▶ _TASK STATEMENT_
Write out again, exactly, the lines below starting at the one with "v \<longrightarrow> E" and ending at the one with "(\<forall>u\<in>V. \<forall>v\<in>V. \<exists>p.".

▶ _MATERIALS PROVIDED_
┏━━

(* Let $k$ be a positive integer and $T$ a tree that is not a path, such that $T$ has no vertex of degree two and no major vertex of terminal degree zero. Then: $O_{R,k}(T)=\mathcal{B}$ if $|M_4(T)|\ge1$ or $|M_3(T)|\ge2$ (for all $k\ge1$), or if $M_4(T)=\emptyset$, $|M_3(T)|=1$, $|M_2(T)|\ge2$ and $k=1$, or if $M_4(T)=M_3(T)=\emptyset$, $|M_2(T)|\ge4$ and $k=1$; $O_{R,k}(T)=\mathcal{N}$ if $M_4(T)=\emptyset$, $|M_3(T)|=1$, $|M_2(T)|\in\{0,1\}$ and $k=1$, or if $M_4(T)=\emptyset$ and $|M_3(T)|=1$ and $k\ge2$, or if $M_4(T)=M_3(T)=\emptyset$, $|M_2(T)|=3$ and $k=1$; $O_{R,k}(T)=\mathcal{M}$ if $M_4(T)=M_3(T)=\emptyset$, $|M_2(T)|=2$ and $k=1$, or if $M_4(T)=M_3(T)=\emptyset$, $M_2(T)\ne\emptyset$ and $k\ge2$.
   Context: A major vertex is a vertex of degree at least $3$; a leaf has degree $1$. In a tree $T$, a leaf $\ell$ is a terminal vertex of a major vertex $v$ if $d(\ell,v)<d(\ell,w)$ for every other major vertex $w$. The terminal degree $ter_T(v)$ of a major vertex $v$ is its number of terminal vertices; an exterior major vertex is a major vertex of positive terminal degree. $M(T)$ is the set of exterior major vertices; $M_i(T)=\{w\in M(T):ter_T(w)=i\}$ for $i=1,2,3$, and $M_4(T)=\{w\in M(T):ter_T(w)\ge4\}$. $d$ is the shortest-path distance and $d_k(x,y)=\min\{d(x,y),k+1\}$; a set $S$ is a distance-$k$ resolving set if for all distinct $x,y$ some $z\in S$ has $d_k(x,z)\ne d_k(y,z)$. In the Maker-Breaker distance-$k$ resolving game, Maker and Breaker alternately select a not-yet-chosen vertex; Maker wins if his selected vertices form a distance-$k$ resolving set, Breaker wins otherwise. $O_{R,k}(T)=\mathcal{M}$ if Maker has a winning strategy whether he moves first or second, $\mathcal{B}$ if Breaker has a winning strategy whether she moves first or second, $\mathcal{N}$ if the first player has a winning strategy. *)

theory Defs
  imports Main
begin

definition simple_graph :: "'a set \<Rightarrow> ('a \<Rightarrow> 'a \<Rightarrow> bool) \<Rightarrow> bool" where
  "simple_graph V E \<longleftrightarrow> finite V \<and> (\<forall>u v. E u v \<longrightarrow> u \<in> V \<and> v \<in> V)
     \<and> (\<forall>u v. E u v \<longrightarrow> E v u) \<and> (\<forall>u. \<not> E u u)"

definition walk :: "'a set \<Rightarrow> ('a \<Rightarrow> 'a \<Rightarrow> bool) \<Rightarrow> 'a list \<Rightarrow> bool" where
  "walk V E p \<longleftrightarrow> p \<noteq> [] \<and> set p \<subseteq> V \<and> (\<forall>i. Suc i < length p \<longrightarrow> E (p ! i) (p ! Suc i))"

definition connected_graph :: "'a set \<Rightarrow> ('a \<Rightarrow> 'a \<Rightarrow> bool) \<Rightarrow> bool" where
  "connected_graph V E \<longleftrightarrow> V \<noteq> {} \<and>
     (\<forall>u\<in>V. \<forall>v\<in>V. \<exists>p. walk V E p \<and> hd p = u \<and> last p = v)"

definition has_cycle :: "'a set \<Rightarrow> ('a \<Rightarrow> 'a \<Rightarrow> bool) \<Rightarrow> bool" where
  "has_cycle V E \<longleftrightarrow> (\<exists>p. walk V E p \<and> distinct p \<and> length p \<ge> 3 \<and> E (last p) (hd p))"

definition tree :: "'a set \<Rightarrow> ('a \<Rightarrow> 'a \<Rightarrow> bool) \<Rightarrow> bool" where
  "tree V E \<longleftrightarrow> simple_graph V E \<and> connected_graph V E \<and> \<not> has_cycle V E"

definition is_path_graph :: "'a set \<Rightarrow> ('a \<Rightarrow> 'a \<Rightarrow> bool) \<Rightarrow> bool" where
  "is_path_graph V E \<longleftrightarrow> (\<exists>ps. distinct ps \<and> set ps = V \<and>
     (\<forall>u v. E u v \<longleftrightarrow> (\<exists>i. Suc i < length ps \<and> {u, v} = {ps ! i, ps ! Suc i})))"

┗━━

▶ _TASK SOLUTION_
     \<and> (\<forall>u v. E u v \<longrightarrow> E v u) \<and> (\<forall>u. \<not> E u u)"

definition walk :: "'a set \<Rightarrow> ('a \<Rightarrow> 'a \<Rightarrow> bool) \<Rightarrow> 'a list \<Rightarrow> bool" where
  "walk V E p \<longleftrightarrow> p \<noteq> [] \<and> set p \<subseteq> V \<and> (\<forall>i. Suc i < length p \<longrightarrow> E (p ! i) (p ! Suc i))"

definition connected_graph :: "'a set \<Rightarrow> ('a \<Rightarrow> 'a \<Rightarrow> bool) \<Rightarrow> bool" where
  "connected_graph V E \<longleftrightarrow> V \<noteq> {} \<and>
     (\<forall>u\<in>V. \<forall>v\<in>V. \<exists>p. walk V E p \<and> hd p = u \<and> last p = v)"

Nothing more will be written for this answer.